Salah E. Gerryo scite author profile

A 3-year intensive search for selected neuromuscular disorders in Benghazi, yielded 34 patients with Duchenne's muscular dystrophy (25 index cases), 19 with limb-girdle muscular dystrophy (13 index cases), 4 with facioscapulohumeral muscular dystrophy (3 index cases), 3 with opthalmoplegia-plus (all index cases), 13 with polymyositis, 41 with hereditary motor and sensory neuropathy (HMSN) (17 index cases) and 27 with Guillain-Barré Syndrome (GBS). The age-adjusted prevalence rates, on 31 December 1985, per 100,000 population were 6 for Duchenne dystrophy, 3.7 for limb-girdle dystrophy, 0.8 for facioscapulohumeral dystrophy, 0.6 for opthalmoplegia-plus and 7.9 for HMSN (6.4 and 1.5 for Types I and II, respectively).

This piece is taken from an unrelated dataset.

(* The restrictions $\iota_{1\otimes2}:\mathcal B^0\to S^0(A^{(1)}_{1\otimes2})\otimes S^0(A^{(2)}_{1\otimes2})$ and $\iota_{2\otimes1}:\mathcal B^0\to S^0(A^{(2)}_{2\otimes1})\otimes S^0(A^{(1)}_{2\otimes1})$ are both isomorphisms of algebras with respect to the shuffle product.
   Context: Forms: $\zeta_i=dz_i/z_i$, $\zeta_{ii}=dz_i/(1-z_i)$ ($i=1,2$), $\zeta_{12}=d(z_1z_2)/(1-z_1z_2)$, $\zeta^{(1)}_{12}=z_2dz_1/(1-z_1z_2)$, $\zeta^{(2)}_{12}=z_1dz_2/(1-z_1z_2)$. For an alphabet $B$, $S(B)$ is the vector space with basis the words in $B$ (empty word $\mathbf 1$), with concatenation $\circ$, shuffle product ($\mathbf 1⧢w=w⧢\mathbf 1=w$, $(a\circ u)⧢(b\circ v)=a\circ(u⧢(b\circ v))+b\circ((a\circ u)⧢v)$) and coproduct $\Delta^*(\omega_1\circ\cdots\circ\omega_s)=\sum_{l=0}^s(\omega_1\circ\cdots\circ\omega_l)\otimes(\omega_{l+1}\circ\cdots\circ\omega_s)$. $A=\{\zeta_1,\zeta_{11},\zeta_2,\zeta_{22},\zeta_{12}\}$, $A^{(1)}_{1\otimes2}=\{\zeta_1,\zeta_{11},\zeta^{(1)}_{12}\}$, $A^{(2)}_{1\otimes2}=\{\zeta_2,\zeta_{22}\}$, $A^{(2)}_{2\otimes1}=\{\zeta_2,\zeta_{22},\zeta^{(2)}_{12}\}$, $A^{(1)}_{2\otimes1}=\{\zeta_1,\zeta_{11}\}$; $S^0(\cdot)$ is the span of words not ending with $\zeta_1$ or $\zeta_2$. $\mathcal B$ is the span of homogeneous elements $\sum_Ic_I\omega_{i_1}\circ\cdots\circ\omega_{i_s}$ of $S(A)$ with $\sum_Ic_I\omega_{i_1}\otimes\cdots\otimes(\omega_{i_l}\wedge\omega_{i_{l+1}})\otimes\cdots\otimes\omega_{i_s}=0$ for all $1\le l<s$ (Chen's integrability condition); $\mathcal B^0\subset\mathcal B$ consists of elements none of whose words ends with $\zeta_1$ or $\zeta_2$. For $\{i_1,i_2\}=\{1,2\}$, $\Pr^{(i_1)}_{i_1\otimes i_2}:S(A)\to S(A^{(i_1)}_{i_1\otimes i_2})$ replaces each letter by its restriction to $dz_{i_2}=0$ ($\zeta_{i_1}\mapsto\zeta_{i_1}$, $\zeta_{i_1i_1}\mapsto\zeta_{i_1i_1}$, $\zeta_{12}\mapsto\zeta^{(i_1)}_{12}$, $\zeta_{i_2},\zeta_{i_2i_2}\mapsto0$), $\Pr^{(i_2)}_{i_1\otimes i_2}:S(A)\to S(A^{(i_2)}_{i_1\otimes i_2})$ fixes words in $\zeta_{i_2},\zeta_{i_2i_2}$ and kills all other words, and $\iota_{i_1\otimes i_2}=(\Pr^{(i_1)}_{i_1\otimes i_2}\otimes\Pr^{(i_2)}_{i_1\otimes i_2})\circ\Delta^*|_{\mathcal B}$. *)

theory Defs
  imports Complex_Main
begin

The adjusted average annual incidence of polymyositis was 8.8/mill population; the peak incidence was observed in females in the age-group 20-40. A mean age-adjusted incidence rate for GBS of 1.7/100,000 population per year has been found. The peak age-specific incidence of GBS occurred in the third decade; the sex-dependent difference in the incidence was not significant. No indigenous forms of the disease were encountered and the clinical features differed little from the descriptions in literature. The large family size and high rate of consanguineous marriages contribute to the high frequency of familial disorders, especially those with autosomal recessive inheritance.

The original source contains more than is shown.